Internet Data Overview

Internet Data Overview

RiskIQ's Security Intelligence Service Internet Data offering provides customers with access to RiskIQ’s high volume API endpoints to directly ingest RiskIQ data into their security operations tools and technology.

Standard Data Sets

Passive DNS                                                    

Passive DNS is a system of record that stores DNS resolution data for a given domain or IP address. This historical resolution data set allows analysts to view which domains resolved to an IP address and vice versa.                 

RiskIQ offers API access to our Passive DNS repository in multiple ways to provide analysts with the ability to correlate domain and IP address overlap   Passive DNS data can provide analysts insight into how a particular domain name or IP address changes over time and enables them to identify other related domains/IP addresses. When researching a suspicious or malicious event, PDNS data can provide context to an attack or additional malicious domains/IP addresses.                

Use Case       

  • Indicator of Compromise correlation
  • Historical resolution lookups                            
  • Time-based analysis
  • Fully quali ed domain name lookups
  • SIEM event enrichment
  • Domain or IP enrichment to proactively hunt for threats


WHOIS is a protocol that lets anyone query for ownership information about a domain, IP address, or subnet. RiskIQ has a vast repository of WHOIS data, which is available to query for registrant information.
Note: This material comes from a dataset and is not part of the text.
(* Let $(V_{cl}, V_{op}, m_{cl-op})$ be an open-closed field algebra and let $\mathbb{Y}_{cl-op}(u; z, \bar{z})v := m_{cl-op}^{(1;1)}(u;v;z,\bar{z};0)$ for $u\in V_{cl}$, $v\in V_{op}$, $z\in \mathbb{H}$. Then for $u\in V_{cl}$, \begin{eqnarray*} [\mathbf{d}_{op}, \mathbb{Y}_{cl-op}(u; z, \bar{z})] &=& \mathbb{Y}_{cl-op}((\mathbf{d}_{cl}^L + \mathbf{d}_{cl}^R)u; z, \bar{z}) + \left( z\frac{\partial}{\partial z} + \bar{z} \frac{\partial}{\partial \bar{z}} \right) \mathbb{Y}_{cl-op}(u; z, \bar{z}). \end{eqnarray*}
   Context: An open-closed field algebra consists of an $\mathbb{R}\times\mathbb{R}$-graded full field algebra $(V_{cl}, m_{cl}, \mathbf{d}_{cl}^L, \mathbf{d}_{cl}^R, D_{cl}^L, D_{cl}^R)$ (with left/right grading operators $\mathbf{d}_{cl}^L,\mathbf{d}_{cl}^R$), an $\mathbb{R}$-graded vector space $V_{op}$ with grading operator $\mathbf{d}_{op}$ and an operator $D_{op}$, and maps $m_{cl-op}^{(l;n)}: V_{cl}^{\otimes l}\otimes V_{op}^{\otimes n}\times M_{\mathbb{H}}^l\times\Lambda^n\to\overline{V}_{op}$ (with $M_{\mathbb{H}}^l$ the configuration space of $l$ distinct points in the upper half plane $\mathbb{H}$ and $\Lambda^n=\{r_1>\dots>r_n\geq 0\}$), linear in the vector arguments and smooth in the positions, satisfying identity, convergence, permutation, $D_{op}$ and the following grading property: for $a\in\mathbb{R}$, $e^{a\mathbf{d}_{op}} m_{cl-op}^{(l;n)}(u_1,\dots,u_l;v_1,\dots,v_n;z_1,\bar z_1,\dots,z_l,\bar z_l;r_1,\dots,r_n) = m_{cl-op}^{(l;n)}(e^{a(\mathbf{d}_{cl}^L+\mathbf{d}_{cl}^R)}u_1,\dots,e^{a(\mathbf{d}_{cl}^L+\mathbf{d}_{cl}^R)}u_l; e^{a\mathbf{d}_{op}}v_1,\dots,e^{a\mathbf{d}_{op}}v_n; e^az_1,e^a\bar z_1,\dots,e^az_l,e^a\bar z_l; e^ar_1,\dots,e^ar_n)$. *)

theory Defs
  imports "HOL-Analysis.Analysis"
begin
Attackers need to establish infrastructure to conduct their attack from and communicate with their malware. WHOIS data can provide an organization with insight into who is behind an attack campaign. Using domain registration information, an organization can unmask an attacker’s infrastructure by linking a suspicious domain to other domains registered using the same or similar information.

Use Cases

  • Identify additional domains registered using similar information
  • Determine the maliciousness of a given domain or IP address based on ownership records
  • SIEM event enrichment
  • Domain enrichment to proactively hunt for threats

SSL Certificates

SSL certificates are files that digitally bind a cryptographic key to a set of user-provided details and assist in providing security when transmitting information over the internet. These certificates should be signed by a third-party to verify their authenticity, but they can be self-signed by malicious actors. Beyond just securing data, certificates can be used to encrypt data sent between command and control servers and machines infected with malware.

Threat actors often use similar information across different SSL certificates for their various infrastructure. RiskIQ collects SSL certificate data as we crawl the internet, and we can correlate malicious certificates we find with their signatures.

Use Cases

  • Determine if a domain or IP address is legitimate based on certificate
  • Identify self-signed certificates vs. third-party certificate authority
  • Identify IP clusters based on shared certificates
  • Identifying additional certificates of interest based on shared properties
  • Surface connections among subject alternate names for certificates

Derived Data Sets

Built on terabytes of collected data from across the internet, RiskIQ extracts and analyzes internet data to create new data sets that aid in discovering, understanding, and mitigating digital threats.

These data sets provide customers with insight into web page attributes and associations based on RiskIQ’s vast crawling infrastructure and can provide security analysts with new data sets through which to investigate and track attacks to their organizations.

Our derived data sets provide customers with indexed access to this vast amount of crawl data to enrich and bring context to events, alerts, and investigations.

Host Attributes

Website Metadata and Trackers

RiskIQ gathers the full DOM during the loading process of pages that we crawl. We extract details such as website trackers, analytics codes, social network accounts and other unique details. These values can provide insights into additional infrastructure that typically goes unnoticed by static data sets. RiskIQ has data about trackers from includes IDs from providers like Google, Yandex, Mixpanel, New Relic, Clicky, and more.

Use Case: Threat Hunting

  • Correlating malicious infrastructure using shared components and analytics trackers
  • Determine the tracking ID is associated with a legitimate organization or an actor
  • Correlate resources using the same analytics IDs
  • Identify unique web components threat actors use that can track them to other domains
  • What was used to host the page.
  • What technology may have been loaded at the specific time of the crawl

Host Pairs

Host pairs are unique relationships between pages that are observed by RiskIQ when we crawl a web page. Each pair has a direction of child or parent and a cause that outlines the relationship connection. These values provide insight into redirection sequences, dependent requests or specific actions within a web page when it loads.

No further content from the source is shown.